> _Work item_
Among the entries below, copy every line that carries the word "moreover".
↓
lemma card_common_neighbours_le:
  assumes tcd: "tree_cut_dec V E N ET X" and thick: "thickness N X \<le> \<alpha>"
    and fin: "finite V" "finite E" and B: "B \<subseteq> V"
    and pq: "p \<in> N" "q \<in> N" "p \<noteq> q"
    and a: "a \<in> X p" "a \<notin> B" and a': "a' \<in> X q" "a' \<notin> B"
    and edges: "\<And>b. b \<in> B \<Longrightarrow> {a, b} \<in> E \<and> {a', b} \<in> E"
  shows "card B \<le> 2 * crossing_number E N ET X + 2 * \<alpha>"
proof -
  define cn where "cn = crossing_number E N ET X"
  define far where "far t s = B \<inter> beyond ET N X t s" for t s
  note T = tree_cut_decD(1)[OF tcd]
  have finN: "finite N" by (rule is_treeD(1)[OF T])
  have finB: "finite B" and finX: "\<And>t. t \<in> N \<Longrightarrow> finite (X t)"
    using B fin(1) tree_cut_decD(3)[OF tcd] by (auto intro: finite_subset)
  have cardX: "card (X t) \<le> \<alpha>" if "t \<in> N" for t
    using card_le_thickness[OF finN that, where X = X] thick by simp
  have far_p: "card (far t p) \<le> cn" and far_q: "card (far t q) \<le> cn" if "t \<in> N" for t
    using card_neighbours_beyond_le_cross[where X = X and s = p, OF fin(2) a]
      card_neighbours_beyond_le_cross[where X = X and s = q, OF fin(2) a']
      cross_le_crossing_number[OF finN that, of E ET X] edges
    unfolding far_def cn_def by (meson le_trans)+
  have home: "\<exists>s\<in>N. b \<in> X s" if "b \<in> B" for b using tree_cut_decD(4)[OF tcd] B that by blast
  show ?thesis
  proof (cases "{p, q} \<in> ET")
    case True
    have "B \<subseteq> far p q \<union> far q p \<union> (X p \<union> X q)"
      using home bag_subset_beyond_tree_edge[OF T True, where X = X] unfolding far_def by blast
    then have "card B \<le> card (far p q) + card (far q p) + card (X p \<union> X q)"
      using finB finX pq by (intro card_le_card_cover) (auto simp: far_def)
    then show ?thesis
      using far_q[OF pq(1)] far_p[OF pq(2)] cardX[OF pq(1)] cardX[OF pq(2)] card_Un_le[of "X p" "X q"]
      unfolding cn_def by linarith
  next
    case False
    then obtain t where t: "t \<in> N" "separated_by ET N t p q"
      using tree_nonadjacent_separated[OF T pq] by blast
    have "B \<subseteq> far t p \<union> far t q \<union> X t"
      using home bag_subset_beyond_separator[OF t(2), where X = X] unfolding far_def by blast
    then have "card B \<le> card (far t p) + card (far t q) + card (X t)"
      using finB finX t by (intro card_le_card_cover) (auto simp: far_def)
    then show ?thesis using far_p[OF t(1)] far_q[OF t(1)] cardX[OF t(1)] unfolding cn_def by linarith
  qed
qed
↑
↓
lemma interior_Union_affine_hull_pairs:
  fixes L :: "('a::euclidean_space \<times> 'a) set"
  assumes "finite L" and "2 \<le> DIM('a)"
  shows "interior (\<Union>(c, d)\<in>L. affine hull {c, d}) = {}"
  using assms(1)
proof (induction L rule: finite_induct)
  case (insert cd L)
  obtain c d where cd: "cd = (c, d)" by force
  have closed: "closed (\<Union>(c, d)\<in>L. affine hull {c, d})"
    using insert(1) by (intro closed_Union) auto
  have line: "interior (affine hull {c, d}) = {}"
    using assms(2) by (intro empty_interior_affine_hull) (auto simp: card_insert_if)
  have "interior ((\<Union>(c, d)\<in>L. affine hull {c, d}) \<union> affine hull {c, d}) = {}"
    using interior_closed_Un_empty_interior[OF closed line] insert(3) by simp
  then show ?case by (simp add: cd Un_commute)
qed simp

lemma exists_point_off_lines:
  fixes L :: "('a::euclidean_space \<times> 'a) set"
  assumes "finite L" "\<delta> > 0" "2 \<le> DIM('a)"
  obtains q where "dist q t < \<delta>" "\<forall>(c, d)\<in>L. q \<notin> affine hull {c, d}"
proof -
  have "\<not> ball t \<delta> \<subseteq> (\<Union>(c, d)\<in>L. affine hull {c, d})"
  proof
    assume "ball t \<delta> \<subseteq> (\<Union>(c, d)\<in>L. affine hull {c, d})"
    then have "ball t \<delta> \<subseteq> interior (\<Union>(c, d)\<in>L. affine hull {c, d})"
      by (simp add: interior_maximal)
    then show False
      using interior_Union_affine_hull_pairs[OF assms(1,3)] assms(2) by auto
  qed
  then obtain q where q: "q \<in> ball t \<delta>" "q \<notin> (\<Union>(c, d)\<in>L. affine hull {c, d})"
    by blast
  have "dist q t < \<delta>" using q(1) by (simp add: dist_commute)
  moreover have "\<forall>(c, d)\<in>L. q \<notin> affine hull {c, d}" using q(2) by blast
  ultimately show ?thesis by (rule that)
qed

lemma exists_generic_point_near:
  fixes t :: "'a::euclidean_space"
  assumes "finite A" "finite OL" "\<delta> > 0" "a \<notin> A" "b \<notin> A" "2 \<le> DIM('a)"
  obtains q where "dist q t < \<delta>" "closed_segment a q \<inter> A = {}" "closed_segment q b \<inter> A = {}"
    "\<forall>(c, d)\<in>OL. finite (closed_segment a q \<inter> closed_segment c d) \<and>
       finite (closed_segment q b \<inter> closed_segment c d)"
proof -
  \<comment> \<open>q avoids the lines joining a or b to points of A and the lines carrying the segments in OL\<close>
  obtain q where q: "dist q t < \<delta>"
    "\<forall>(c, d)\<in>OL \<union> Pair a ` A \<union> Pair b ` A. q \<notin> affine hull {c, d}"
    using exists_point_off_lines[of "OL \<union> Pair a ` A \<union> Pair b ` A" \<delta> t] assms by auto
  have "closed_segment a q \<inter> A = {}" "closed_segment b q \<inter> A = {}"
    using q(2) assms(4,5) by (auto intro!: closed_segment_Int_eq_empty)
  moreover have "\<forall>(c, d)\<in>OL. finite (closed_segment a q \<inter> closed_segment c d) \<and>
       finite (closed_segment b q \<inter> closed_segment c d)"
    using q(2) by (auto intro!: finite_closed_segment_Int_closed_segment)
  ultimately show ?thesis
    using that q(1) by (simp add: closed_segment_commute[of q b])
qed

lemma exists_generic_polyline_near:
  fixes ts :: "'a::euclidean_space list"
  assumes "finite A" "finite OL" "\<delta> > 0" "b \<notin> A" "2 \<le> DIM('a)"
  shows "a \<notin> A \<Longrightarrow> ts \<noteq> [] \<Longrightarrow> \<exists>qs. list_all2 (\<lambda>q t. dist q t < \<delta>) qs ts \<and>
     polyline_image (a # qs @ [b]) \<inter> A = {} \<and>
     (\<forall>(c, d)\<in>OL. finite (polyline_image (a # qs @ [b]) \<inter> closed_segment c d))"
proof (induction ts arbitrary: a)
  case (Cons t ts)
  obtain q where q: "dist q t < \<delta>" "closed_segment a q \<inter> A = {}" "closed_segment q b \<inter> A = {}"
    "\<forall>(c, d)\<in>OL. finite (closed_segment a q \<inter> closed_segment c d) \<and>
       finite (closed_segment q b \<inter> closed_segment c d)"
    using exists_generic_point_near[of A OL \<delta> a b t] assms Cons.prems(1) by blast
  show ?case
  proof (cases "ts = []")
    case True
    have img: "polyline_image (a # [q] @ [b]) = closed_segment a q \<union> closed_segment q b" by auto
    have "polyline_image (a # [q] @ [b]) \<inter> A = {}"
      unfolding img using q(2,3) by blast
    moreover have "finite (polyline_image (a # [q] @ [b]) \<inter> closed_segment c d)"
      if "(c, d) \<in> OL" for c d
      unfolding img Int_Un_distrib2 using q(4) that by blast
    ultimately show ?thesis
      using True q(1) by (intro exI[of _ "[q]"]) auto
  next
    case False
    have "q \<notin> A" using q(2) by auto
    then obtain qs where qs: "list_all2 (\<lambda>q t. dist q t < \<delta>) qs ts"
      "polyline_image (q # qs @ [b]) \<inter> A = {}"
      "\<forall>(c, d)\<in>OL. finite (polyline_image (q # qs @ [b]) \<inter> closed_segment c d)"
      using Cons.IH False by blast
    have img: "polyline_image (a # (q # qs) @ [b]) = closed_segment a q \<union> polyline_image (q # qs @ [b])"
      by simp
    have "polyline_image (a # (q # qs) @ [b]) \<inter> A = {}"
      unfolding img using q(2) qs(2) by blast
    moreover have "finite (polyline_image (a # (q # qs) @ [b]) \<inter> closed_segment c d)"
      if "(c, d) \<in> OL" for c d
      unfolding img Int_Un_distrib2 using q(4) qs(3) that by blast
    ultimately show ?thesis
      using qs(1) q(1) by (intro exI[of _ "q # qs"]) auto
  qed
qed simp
↑
> _Answer below_
  moreover have "\<forall>(c, d)\<in>L. q \<notin> affine hull {c, d}" using q(2) by blast
  moreover have "\<forall>(c, d)\<in>OL. finite (closed_segment a q \<inter> closed_segment c d) \<and>
    moreover have "finite (polyline_image (a # [q] @ [b]) \<inter> closed_segment c d)"
    moreover have "finite (polyline_image (a # (q # qs) @ [b]) \<inter> closed_segment c d)"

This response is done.